Work item:
Every line below should be given again without alteration.

_ _ _ _

(* Let $(H,\Delta,\Delta')$ be a Hopf brace over a field $k$ with first antipode $S$. Then the coalgebra $(H,\Delta,\varepsilon)$ is a left comodule coalgebra over the Hopf algebra $(H,m,1,\Delta',\epsilon,T)$ via the coaction $$\rho(h)=S(h_1)\,h_{21'}\otimes h_{22'},\qquad h\in H.$$ That is, $\rho$ makes $H$ a left $(H,\Delta')$-comodule, and writing $\rho(h)=h_{(-1)}\otimes h_{(0)}$ one has $h_{(-1)}\otimes h_{(0)1}\otimes h_{(0)2}=h_{1(-1)}h_{2(-1)}\otimes h_{1(0)}\otimes h_{2(0)}$ and $h_{(-1)}\varepsilon(h_{(0)})=\varepsilon(h)1_H$ for all $h\in H$.
   Context: All objects are over a field $k$. A Hopf brace $(H,\Delta,\Delta')$ consists of an algebra $(H,m,1)$ together with two Hopf algebra structures $(H,m,1,\Delta,\varepsilon,S)$ and $(H,m,1,\Delta',\epsilon,T)$ on the same algebra, satisfying for all $h\in H$ $$h_{1'}\otimes h_{2'1}\otimes h_{2'2}=h_{11'}\,S(h_2)\,h_{31'}\otimes h_{12'}\otimes h_{32'}.$$ Sweedler notation: $\Delta(h)=h_1\otimes h_2$, $\Delta'(h)=h_{1'}\otimes h_{2'}$ (summation omitted); $h_{21'}\otimes h_{22'}$ means $\Delta'$ applied to $h_2$. *)

theory Defs
  imports Main "HOL.Vector_Spaces"
begin

text \<open>
  An element of H (x) H (resp. H (x) H (x) H) is represented by a finite
  list of pairs (resp. triples), i.e. a finite sum of simple tensors.
  Two representatives denote the same tensor iff they agree under all products
  of linear functionals (valid over a field). A coproduct is a function
  assigning to each h a Sweedler representative of Delta(h).
\<close>

definition lin_fun :: "('k::field \<Rightarrow> 'h::ab_group_add \<Rightarrow> 'h) \<Rightarrow> ('h \<Rightarrow> 'k) \<Rightarrow> bool" where
  "lin_fun sc \<phi> \<longleftrightarrow> Vector_Spaces.linear sc (*) \<phi>"

definition teq2 :: "('k::field \<Rightarrow> 'h::ab_group_add \<Rightarrow> 'h) \<Rightarrow> ('h \<times> 'h) list \<Rightarrow> ('h \<times> 'h) list \<Rightarrow> bool" where
  "teq2 sc xs ys \<longleftrightarrow>
     (\<forall>\<phi> \<psi>. lin_fun sc \<phi> \<longrightarrow> lin_fun sc \<psi> \<longrightarrow>
        (\<Sum>(a,b)\<leftarrow>xs. \<phi> a * \<psi> b) = (\<Sum>(a,b)\<leftarrow>ys. \<phi> a * \<psi> b))"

_ _ _ _

Completed task:
(* Let $(H,\Delta,\Delta')$ be a Hopf brace over a field $k$ with first antipode $S$. Then the coalgebra $(H,\Delta,\varepsilon)$ is a left comodule coalgebra over the Hopf algebra $(H,m,1,\Delta',\epsilon,T)$ via the coaction $$\rho(h)=S(h_1)\,h_{21'}\otimes h_{22'},\qquad h\in H.$$ That is, $\rho$ makes $H$ a left $(H,\Delta')$-comodule, and writing $\rho(h)=h_{(-1)}\otimes h_{(0)}$ one has $h_{(-1)}\otimes h_{(0)1}\otimes h_{(0)2}=h_{1(-1)}h_{2(-1)}\otimes h_{1(0)}\otimes h_{2(0)}$ and $h_{(-1)}\varepsilon(h_{(0)})=\varepsilon(h)1_H$ for all $h\in H$.
   Context: All objects are over a field $k$. A Hopf brace $(H,\Delta,\Delta')$ consists of an algebra $(H,m,1)$ together with two Hopf algebra structures $(H,m,1,\Delta,\varepsilon,S)$ and $(H,m,1,\Delta',\epsilon,T)$ on the same algebra, satisfying for all $h\in H$ $$h_{1'}\otimes h_{2'1}\otimes h_{2'2}=h_{11'}\,S(h_2)\,h_{31'}\otimes h_{12'}\otimes h_{32'}.$$ Sweedler notation: $\Delta(h)=h_1\otimes h_2$, $\Delta'(h)=h_{1'}\otimes h_{2'}$ (summation omitted); $h_{21'}\otimes h_{22'}$ means $\Delta'$ applied to $h_2$. *)

theory Defs
  imports Main "HOL.Vector_Spaces"
begin

text \<open>
  An element of H (x) H (resp. H (x) H (x) H) is represented by a finite
  list of pairs (resp. triples), i.e. a finite sum of simple tensors.
  Two representatives denote the same tensor iff they agree under all products
  of linear functionals (valid over a field). A coproduct is a function
  assigning to each h a Sweedler representative of Delta(h).
\<close>

definition lin_fun :: "('k::field \<Rightarrow> 'h::ab_group_add \<Rightarrow> 'h) \<Rightarrow> ('h \<Rightarrow> 'k) \<Rightarrow> bool" where
  "lin_fun sc \<phi> \<longleftrightarrow> Vector_Spaces.linear sc (*) \<phi>"

definition teq2 :: "('k::field \<Rightarrow> 'h::ab_group_add \<Rightarrow> 'h) \<Rightarrow> ('h \<times> 'h) list \<Rightarrow> ('h \<times> 'h) list \<Rightarrow> bool" where
  "teq2 sc xs ys \<longleftrightarrow>
     (\<forall>\<phi> \<psi>. lin_fun sc \<phi> \<longrightarrow> lin_fun sc \<psi> \<longrightarrow>
        (\<Sum>(a,b)\<leftarrow>xs. \<phi> a * \<psi> b) = (\<Sum>(a,b)\<leftarrow>ys. \<phi> a * \<psi> b))"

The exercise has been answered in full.